In the decades since EDSAC calculated the squares of the numbers from 0 to 99, computers have steadily got more powerful, faster and cheaper. Glowing valves have been replaced by transistors and then by chips, each of which contains the equivalent of many transistors; data storage on punched cards has been superseded by magnetic tape and discs, and then by solid state memory devices. Even so, the functioning of computers based on all of these innovations would be familiar to the pioneers of the 1940s, just as the functioning of a modern airplane would be familiar to the designers of the Hurricane and Spitfire. But the process cannot go on indefinitely; there are limits to how powerful, fast and cheap a “classical” computer can be.
One way of getting a handle on these ideas is in terms of a phenomenon known as Moore's Law, after Gordon Moore, one of the founders of Intel, who pointed it out in 1964. It isn't really a “law” so much as a trend. In its original form, Moore's Law said that the number of transistors on a single silicon chip doubles every year; with another half-century of observation of the trend, today it is usually quoted as a doubling every eighteen months. And to put that in perspective, the number of transistors per chip has now passed the billion mark. That's like a billion-valve Manchester Baby or EDVAC on a single chip, occupying an area of a few hundred square millimeters.1 At the same time, the cost of individual chips has plunged, they have become more reliable and their use of energy has b
ecome more efficient.
But there are problems at both ends of the scale. Although the cost of an individual chip is tiny, the cost of setting up a plant to manufacture chips is huge. The production process involves using lasers to etch patterns on silicon wafers on a tiny scale, in rooms which have to be kept scrupulously clean and free from any kind of contamination. Allowing for the cost of setting up such a plant, the cost of making a single example of a new type of chip is in the billions of dollars; but once you have made one, you can turn out identical chips at virtually no unit cost at all.
There's another large-scale problem that applies to the way we use computers today.
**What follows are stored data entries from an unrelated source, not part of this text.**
lemma cumulative_gain_le:
  assumes "0 < T" "Y i = 1 \<or> Y i = -1" "\<forall>t\<in>{1..T}. -1 \<le> h t (X i) \<and> h t (X i) \<le> 1"
    and "Y i * ((1 / real T) * (\<Sum>t=1..T. h t (X i))) \<le> \<gamma>"
  shows "(\<Sum>t=1..T. gain (h t) X Y i) \<le> real T * (1 + \<gamma>) / 2"
proof -
  have "(\<Sum>t=1..T. gain (h t) X Y i) = (\<Sum>t=1..T. (1 + Y i * h t (X i)) / 2)"
    using assms(2,3) by (intro sum.cong) (simp_all add: gain_eq_margin)
  also have "\<dots> = (real T + Y i * (\<Sum>t=1..T. h t (X i))) / 2"
    by (simp add: sum_divide_distrib[symmetric] sum.distrib sum_distrib_left)
  also have "\<dots> \<le> real T * (1 + \<gamma>) / 2"
    using assms(1,4) by (simp add: divide_le_eq algebra_simps)
  finally show ?thesis .
qed

locale lb_boosting = lazy_projection \<kappa> \<eta> n "\<lambda>t. gain (h t) X Y"
  for \<kappa> \<eta> :: real and n :: nat and X :: "nat \<Rightarrow> 'x" and Y :: "nat \<Rightarrow> real"
    and h :: "nat \<Rightarrow> 'x \<Rightarrow> real" +
  fixes \<gamma> :: real and T :: nat
  assumes eta_pos: "0 < \<eta>" and eta_le_gamma: "\<eta> \<le> \<gamma>"
    and labels: "\<forall>i<n. Y i = 1 \<or> Y i = -1"
    and weak_learner: "\<forall>t\<in>{1..T}. weak_hyp \<gamma> n X Y (lb_nxm \<kappa> \<eta> n X Y h t) (h t)"
begin

definition low_margin :: "nat set" where
  "low_margin = {i. i < n \<and> Y i * ((1 / real T) * (\<Sum>t=1..T. h t (X i))) \<le> \<gamma>}"

lemma lb_nxm_eq_induced_mu: "lb_nxm \<kappa> \<eta> n X Y h t = induced n (mu t)"
  by (simp add: lb_nxm_def mu_def weights_def[abs_def])

lemma lb_nxm_le: "i < n \<Longrightarrow> lb_nxm \<kappa> \<eta> n X Y h t i \<le> 1 / (\<kappa> * real n)"
  using Gamma_induced_le[OF mu_in_Gamma kappa_pos n_pos] by (simp add: lb_nxm_eq_induced_mu)

lemma hyp_bounds: "t \<in> {1..T} \<Longrightarrow> -1 \<le> h t z \<and> h t z \<le> 1"
  using weak_learner by (simp add: weak_hyp_def)

lemma low_margin_bound:
  assumes "0 < T" "\<kappa> * real n \<le> real (card low_margin)"
  shows "real T * \<eta> * (\<gamma> - \<eta>) / 2 \<le> ln (real n / real (card low_margin))"
proof (rule low_gain_set_bound)
  show "\<forall>t\<in>{1..T}. \<forall>i<n. 0 \<le> gain (h t) X Y i \<and> gain (h t) X Y i \<le> 1"
    using labels hyp_bounds gain_bounds by blast
  show "\<forall>t\<in>{1..T}. (1/2 + \<gamma>) * msize n (mu t) \<le> (\<Sum>i<n. mu t i * gain (h t) X Y i)"
    using weak_hyp_edge weak_learner msize_mu_pos unfolding lb_nxm_eq_induced_mu by blast
  show "\<forall>i\<in>low_margin. (\<Sum>t=1..T. gain (h t) X Y i) \<le> real T * (1 + \<gamma>) / 2"
  proof
    fix i assume "i \<in> low_margin"
    then show "(\<Sum>t=1..T. gain (h t) X Y i) \<le> real T * (1 + \<gamma>) / 2"
      using assms(1) labels hyp_bounds by (intro cumulative_gain_le) (auto simp: low_margin_def)
  qed
qed (use eta_pos eta_le_gamma assms(2) in \<open>auto simp: low_margin_def\<close>)

lemma low_margin_density_le:
  assumes "0 < T" "ln (1 / \<kappa>) < real T * \<eta> * (\<gamma> - \<eta>) / 2"
  shows "real (card low_margin) / real n \<le> \<kappa>"
proof (rule ccontr)
  assume "\<not> ?thesis"
  then have large: "\<kappa> * real n < real (card low_margin)" using n_pos by (simp add: field_simps)
  have "0 < \<kappa> * real n" using kappa_pos n_pos by simp
  then have "0 < real (card low_margin)" using large by linarith
  moreover from this have "real n / real (card low_margin) < 1 / \<kappa>"
    using large kappa_pos by (simp add: field_simps)
  ultimately have "ln (real n / real (card low_margin)) < ln (1 / \<kappa>)"
    using kappa_pos n_pos by (intro ln_less_cancel_iff[THEN iffD2]) simp_all
  then show False using low_margin_bound[OF assms(1)] large assms(2) by simp
qed

end

theorem mainTheorem3:
  fixes \<kappa> \<gamma> :: real and n T :: nat and X :: "nat \<Rightarrow> 'x" and Y :: "nat \<Rightarrow> real"
    and h :: "nat \<Rightarrow> 'x \<Rightarrow> real"
  assumes "0 < \<kappa>" "\<kappa> < 1" "0 < \<gamma>" "0 < n"
    and "\<forall>i<n. Y i = 1 \<or> Y i = -1"
    and "real T \<ge> 16 * ln (1 / \<kappa>) / \<gamma>^2"
    and "\<forall>t\<in>{1..T}. weak_hyp \<gamma> n X Y (lb_nxm \<kappa> (\<gamma>/4) n X Y h t) (h t)"
  shows "real (card {i. i < n \<and> Y i * ((1 / real T) * (\<Sum>t=1..T. h t (X i))) \<le> \<gamma>}) / real n \<le> \<kappa>
         \<and> (\<forall>t\<in>{1..T}. \<forall>i<n. lb_nxm \<kappa> (\<gamma>/4) n X Y h t i \<le> 1 / (\<kappa> * real n))"
proof -
  interpret lb_boosting \<kappa> "\<gamma>/4" n X Y h \<gamma> T
    using assms by unfold_locales auto
  have ln_pos: "0 < ln (1 / \<kappa>)" using assms(1,2) by simp
  have T_bound: "16 * ln (1 / \<kappa>) \<le> real T * \<gamma>\<^sup>2"
    using assms(3,6) by (simp add: divide_le_eq)
  then have "0 < T" using ln_pos by (cases T) auto
  moreover have "ln (1 / \<kappa>) < real T * (\<gamma>/4) * (\<gamma> - \<gamma>/4) / 2"
    using T_bound ln_pos by (simp add: power2_eq_square)
  ultimately have "real (card low_margin) / real n \<le> \<kappa>"
    by (rule low_margin_density_le)
  then show ?thesis using lb_nxm_le by (simp add: low_margin_def)
qed

end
Increasingly, data and even programs are stored in the Cloud. “Data” in this sense includes your photos, books, favorite movies, e-mails and just about everything else you have “on your computer.” And “computer,” as I have stressed, includes the Turing machine in your pocket. Many users of smartphones and tablets probably neither know nor care that this actually means that the data are stored on very large computers, far from where you or I are using our Turing machines. But those large computer installations have two problems. They need a lot of energy in the form of electricity; and because no machine is 100 percent efficient they release a lot of waste energy, in the form of heat. So favored locations for the physical machinery that represents the ephemeral image of the Cloud are places like Iceland and Norway, where there is cheap electricity (hydrothermal or just hydroelectric) and it is cold outside. Neither of these problems of the large scale is strictly relevant to the story I am telling here, but it is worth being aware that there must be limits to such growth, even if we cannot yet see where those limits are.